__What is expected__: Some lines hold the string "fixes". Copy all of them from the material that follows.

========

text \<open>A point is determined by \<open>2 t / M \<in> {-2..2}\<close> and the sign of \<open>w\<close>, since \<open>D w\<^sup>2 = M\<^sup>2 - t\<^sup>2\<close>.\<close>

lemma scaled_circle_points:
  fixes D M :: int
  assumes "D > 0" "M > 0"
  defines "S \<equiv> {(t, w). M dvd 2 * t \<and> t^2 + D * w^2 = M^2}"
  shows "finite S" "card S \<le> 15"
proof -
  let ?\<kappa> = "\<lambda>(t, w). (2 * t div M, sgn w)"
  have "?\<kappa> z \<in> {-2..2} \<times> {-1..1}" if "z \<in> S" for z
  proof -
    obtain t w where "z = (t, w)" "M dvd 2 * t" "t^2 + D * w^2 = M^2"
      using \<open>z \<in> S\<close> by (auto simp: S_def)
    moreover from this have "\<bar>2 * t div M\<bar> \<le> 2"
      using assms(1,2) by (intro scaled_circle_quotient_le) simp_all
    ultimately show ?thesis
      by (simp add: sgn_if) arith
  qed
  then have image: "?\<kappa> ` S \<subseteq> {-2..2} \<times> {-1..1}"
    by blast
  have inj: "inj_on ?\<kappa> S"
  proof (rule inj_onI)
    fix z z'
    assume "z \<in> S" "z' \<in> S" "?\<kappa> z = ?\<kappa> z'"
    moreover obtain t w t' w' where z: "z = (t, w)" "z' = (t', w')"
      by fastforce
    ultimately have "M dvd 2 * t" "M dvd 2 * t'"
      and circle: "t^2 + D * w^2 = M^2" "t'^2 + D * w'^2 = M^2"
      and "2 * t div M = 2 * t' div M" "sgn w = sgn w'"
      unfolding S_def by auto
    then have "2 * t = 2 * t'"
      using \<open>M dvd 2 * t\<close> \<open>M dvd 2 * t'\<close> by (metis dvd_div_mult_self)
    then have "t = t'"
      by simp
    then have "D * w^2 = D * w'^2"
      using circle by (metis add_left_cancel)
    then have "\<bar>w\<bar> = \<bar>w'\<bar>"
      using assms(1) by (auto simp: power2_eq_iff)
    then have "w = w'"
      using \<open>sgn w = sgn w'\<close> by (metis sgn_mult_abs)
    with \<open>t = t'\<close> show "z = z'"
      using z by simp
  qed
  have box: "finite ({-2..2::int} \<times> {-1..1::int})"
    by simp
  show "finite S"
    using inj image box by (rule inj_on_finite)
  have "card S \<le> card ({-2..2::int} \<times> {-1..1::int})"
    using inj image box by (rule card_inj_on_le)
  then show "card S \<le> 15"
    by simp
qed

lemma card_le_15_if_cross_dvd:
  fixes D M :: int
  assumes "D > 0" "M > 0" "F \<subseteq> binary_reps 1 D M"
    and cross: "\<And>x y x' y'. (x, y) \<in> F \<Longrightarrow> (x', y') \<in> F \<Longrightarrow> M^2 dvd 4 * D * (x * y' - x' * y)^2"
  shows "card F \<le> 15"
proof (cases "F = {}")
  case False
  then obtain x0 y0 where "(x0, y0) \<in> F"
    by auto
  then have rep0: "x0^2 + D * y0^2 = M"
    using assms(3) by (auto simp: binary_reps_def)
  let ?\<phi> = "\<lambda>(x, y). (x0 * x + D * y0 * y, x0 * y - y0 * x)"
  let ?S = "{(t, w). M dvd 2 * t \<and> t^2 + D * w^2 = M^2}"
  have "inj ?\<phi>"
    using inj_binary_composition[of 1 x0 D y0] rep0 assms(2) by simp
  moreover have "?\<phi> ` F \<subseteq> ?S"
  proof clarify
    fix x y
    assume "(x, y) \<in> F"
    define t where "t = x0 * x + D * y0 * y"
    define w where "w = x0 * y - y0 * x"
    have "x^2 + D * y^2 = M"
      using \<open>(x, y) \<in> F\<close> assms(3) by (auto simp: binary_reps_def)
    then have circle: "t^2 + D * w^2 = M^2"
      using binary_composition_identity[of 1 x0 x D y0 y] rep0
      by (simp add: t_def w_def power2_eq_square)
    have "M^2 dvd 4 * D * w^2"
      using cross[OF \<open>(x0, y0) \<in> F\<close> \<open>(x, y) \<in> F\<close>] by (simp add: w_def mult.commute)
    then have "M^2 dvd 4 * M^2 - 4 * D * w^2"
      by simp
    also have "4 * M^2 - 4 * D * w^2 = (2 * t)^2"
      using circle by (simp add: algebra_simps)
    finally have "M^2 dvd (2 * t)^2" .
    then have "M dvd 2 * t"
      using pow_divides_pow_iff[of 2 M "2 * t"] by simp
    with circle show "M dvd 2 * (x0 * x + D * y0 * y) \<and>
        (x0 * x + D * y0 * y)^2 + D * (x0 * y - y0 * x)^2 = M^2"
      by (simp add: t_def w_def)
  qed
  ultimately have "card F \<le> card ?S"
    using scaled_circle_points[OF assms(1,2)] by (intro card_inj_on_le) (auto intro: inj_on_subset)
  also have "\<dots> \<le> 15"
    using scaled_circle_points[OF assms(1,2)] by simp
  finally show ?thesis .
qed simp

lemma dvd_gcd_mult_gcd:
  fixes M u v :: int
  assumes "M dvd u * v"
  shows "M dvd gcd u M * gcd v M"
proof -
  have "M dvd gcd (u * v) (u * M)"
    using assms by simp
  also have "gcd (u * v) (u * M) = \<bar>u * gcd v M\<bar>"
    by (simp add: abs_mult gcd_mult_distrib_int)
  finally have "M dvd u * gcd v M"
    by simp
  then have "M dvd gcd (gcd v M * u) (gcd v M * M)"
    by (simp add: mult.commute)
  then show ?thesis
    by (metis abs_gcd_int gcd_mult_distrib_int mult.commute)
qed

lemma dvd_mult_if_dvd_mult_divisors:
  fixes M g h c e :: int
  assumes "M dvd g * h" "g dvd c" "h dvd c" "gcd g h dvd e"
  shows "M dvd e * c"
proof -
  have "M dvd gcd g h * lcm g h"
    using assms(1) prod_gcd_lcm_int[of g h] by (metis abs_mult dvd_abs_iff)
  also have "gcd g h * lcm g h dvd e * c"
    using assms(2-4) by (intro mult_dvd_mono) simp_all
  finally show ?thesis .
qed

lemma multiplicity_le_if_sum_sq:
  fixes X Y D M p :: int
  assumes M: "M = X^2 + D * Y^2" and "D \<noteq> 0" "coprime Y M" "prime p" "p dvd M"
    and "p ^ k dvd X" "multiplicity p D < 2 * k"
  shows "multiplicity p M \<le> multiplicity p D"
proof (rule ccontr)
  define \<beta> where "\<beta> = multiplicity p D"
  assume "\<not> multiplicity p M \<le> multiplicity p D"
  then have "p ^ Suc \<beta> dvd M"
    unfolding \<beta>_def by (intro multiplicity_dvd') simp
  moreover have "p ^ Suc \<beta> dvd X^2"
  proof -
    have "p ^ Suc \<beta> dvd p ^ (k * 2)"
      using assms(7) by (intro le_imp_power_dvd) (simp add: \<beta>_def)
    also have "\<dots> = (p ^ k)^2"
      by (rule power_mult)
    also have "\<dots> dvd X^2"
      using assms(6) by simp
    finally show ?thesis .
  qed
  ultimately have "p ^ Suc \<beta> dvd M - X^2"
    by (rule dvd_diff)
  also have "M - X^2 = D * Y^2"
    using M by simp
  finally have "p ^ Suc \<beta> dvd D * Y^2" .
  have "\<not> is_unit p"
    using \<open>prime p\<close> not_prime_unit by blast
  then have "\<not> p dvd Y"
    using \<open>coprime Y M\<close> \<open>p dvd M\<close> coprime_common_divisor by blast
  then have "coprime (p ^ Suc \<beta>) (Y^2)"
    using \<open>prime p\<close> by (simp add: prime_imp_coprime)
  with \<open>p ^ Suc \<beta> dvd D * Y^2\<close> have "p ^ Suc \<beta> dvd D"
    by (simp add: coprime_dvd_mult_left_iff)
  then show False
    using power_dvd_iff_le_multiplicity[of D p "Suc \<beta>"] \<open>D \<noteq> 0\<close> \<open>\<not> is_unit p\<close>
    by (simp add: \<beta>_def)
qed

text \<open>With \<open>\<gamma>, \<beta>, \<kappa>, \<nu>, \<epsilon>\<close> the valuations of \<open>M, D, c, 2, gcd X M\<close>: the divisibility
  \<open>M | 2 gcd(X, M) c\<close> gives \<open>\<gamma> \<le> \<nu> + \<epsilon> + \<kappa>\<close>, which suffices when \<open>2 \<epsilon> \<le> \<beta>\<close>; otherwise the
  previous lemma gives \<open>\<gamma> \<le> \<beta>\<close>, and \<open>\<epsilon> \<le> \<kappa>\<close> since \<open>gcd(X, M) | c\<close>.\<close>

lemma multiplicity_sum_sq_bound:
  fixes X Y D M c p :: int
  assumes M: "M = X^2 + D * Y^2" and "D \<noteq> 0" "M \<noteq> 0" "coprime Y M" "c \<noteq> 0" "prime p"
    and "gcd X M dvd c" "M dvd 2 * gcd X M * c"
  shows "2 * multiplicity p M \<le> 2 * multiplicity p 2 + multiplicity p D + 2 * multiplicity p c"
proof -
  have "prime_elem p"
    using \<open>prime p\<close> by (rule prime_imp_prime_elem)
  define e where "e = gcd X M"
  have "e \<noteq> 0"
    using \<open>M \<noteq> 0\<close> by (simp add: e_def)
  define \<gamma> \<beta> \<kappa> \<nu> \<epsilon> where "\<gamma> = multiplicity p M" and "\<beta> = multiplicity p D"
    and "\<kappa> = multiplicity p c" and "\<nu> = multiplicity p (2::int)" and "\<epsilon> = multiplicity p e"
  have "\<gamma> \<le> multiplicity p (2 * e * c)"
    unfolding \<gamma>_def using assms(8) \<open>e \<noteq> 0\<close> \<open>c \<noteq> 0\<close>
    by (intro dvd_imp_multiplicity_le) (simp_all add: e_def)
  then have "\<gamma> \<le> \<nu> + \<epsilon> + \<kappa>"
    using \<open>prime_elem p\<close> \<open>e \<noteq> 0\<close> \<open>c \<noteq> 0\<close>
    by (simp add: prime_elem_multiplicity_mult_distrib \<nu>_def \<epsilon>_def \<kappa>_def)
  moreover have "\<epsilon> \<le> \<kappa>"
    unfolding \<epsilon>_def \<kappa>_def e_def using assms(7) \<open>c \<noteq> 0\<close> by (rule dvd_imp_multiplicity_le)
  moreover have "\<gamma> \<le> \<beta>" if "\<beta> < 2 * \<epsilon>" "\<gamma> > 0"
  proof -
    have "p dvd M"
      using that(2) not_dvd_imp_multiplicity_0[of p M] unfolding \<gamma>_def by auto
    moreover have "p ^ \<epsilon> dvd X"
      using multiplicity_dvd[of p e] unfolding \<epsilon>_def e_def by (meson dvd_trans gcd_dvd1)
    ultimately show ?thesis
      unfolding \<gamma>_def \<beta>_def using M \<open>D \<noteq> 0\<close> \<open>coprime Y M\<close> \<open>prime p\<close> that(1)
      by (intro multiplicity_le_if_sum_sq[where k = \<epsilon>]) (simp_all add: \<beta>_def)
  qed
  ultimately have "2 * \<gamma> \<le> 2 * \<nu> + \<beta> + 2 * \<kappa>"
    by (cases "\<beta> < 2 * \<epsilon> \<and> \<gamma> > 0") auto
  then show ?thesis
    by (simp add: \<gamma>_def \<beta>_def \<kappa>_def \<nu>_def)
qed

lemma sq_dvd_four_mult_sq:
  fixes X Y D M c :: int
  assumes M: "M = X^2 + D * Y^2" and "D > 0" "coprime Y M" "c \<noteq> 0"
    and "gcd X M dvd c" "M dvd 2 * gcd X M * c"
  shows "M^2 dvd 4 * D * c^2"
proof (rule multiplicity_le_imp_dvd)
  have "M \<noteq> 0"
  proof
    assume "M = 0"
    then have "Y = 0"
      using M \<open>D > 0\<close> by (smt (verit) mult_pos_pos zero_le_power2 zero_less_power2)
    with \<open>M = 0\<close> \<open>coprime Y M\<close> show False
      by simp
  qed
  then show "M^2 \<noteq> 0"
    by simp
  fix p :: int
  assume p: "prime p"
  then have "prime_elem p"
    by (rule prime_imp_prime_elem)
  have "multiplicity p ((2::int)^2) = 2 * multiplicity p 2"
    using \<open>prime_elem p\<close> by (intro prime_elem_multiplicity_power_distrib) simp_all
  then have "multiplicity p (4 * D * c^2) = 2 * multiplicity p 2 + multiplicity p D + 2 * multiplicity p c"
    using \<open>prime_elem p\<close> \<open>D > 0\<close> \<open>c \<noteq> 0\<close>
    by (simp add: prime_elem_multiplicity_mult_distrib prime_elem_multiplicity_power_distrib)
  moreover have "multiplicity p (M^2) = 2 * multiplicity p M"
    using \<open>prime_elem p\<close> \<open>M \<noteq> 0\<close> by (simp add: prime_elem_multiplicity_power_distrib)
  ultimately show "multiplicity p (M^2) \<le> multiplicity p (4 * D * c^2)"
    using multiplicity_sum_sq_bound[OF M _ \<open>M \<noteq> 0\<close> assms(3,4) p assms(5,6)] \<open>D > 0\<close> by simp
qed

========

__Solution below__:
  fixes D M :: int
  fixes D M :: int
  fixes M u v :: int
  fixes M g h c e :: int
  fixes X Y D M p :: int
  fixes X Y D M c p :: int
  fixes X Y D M c :: int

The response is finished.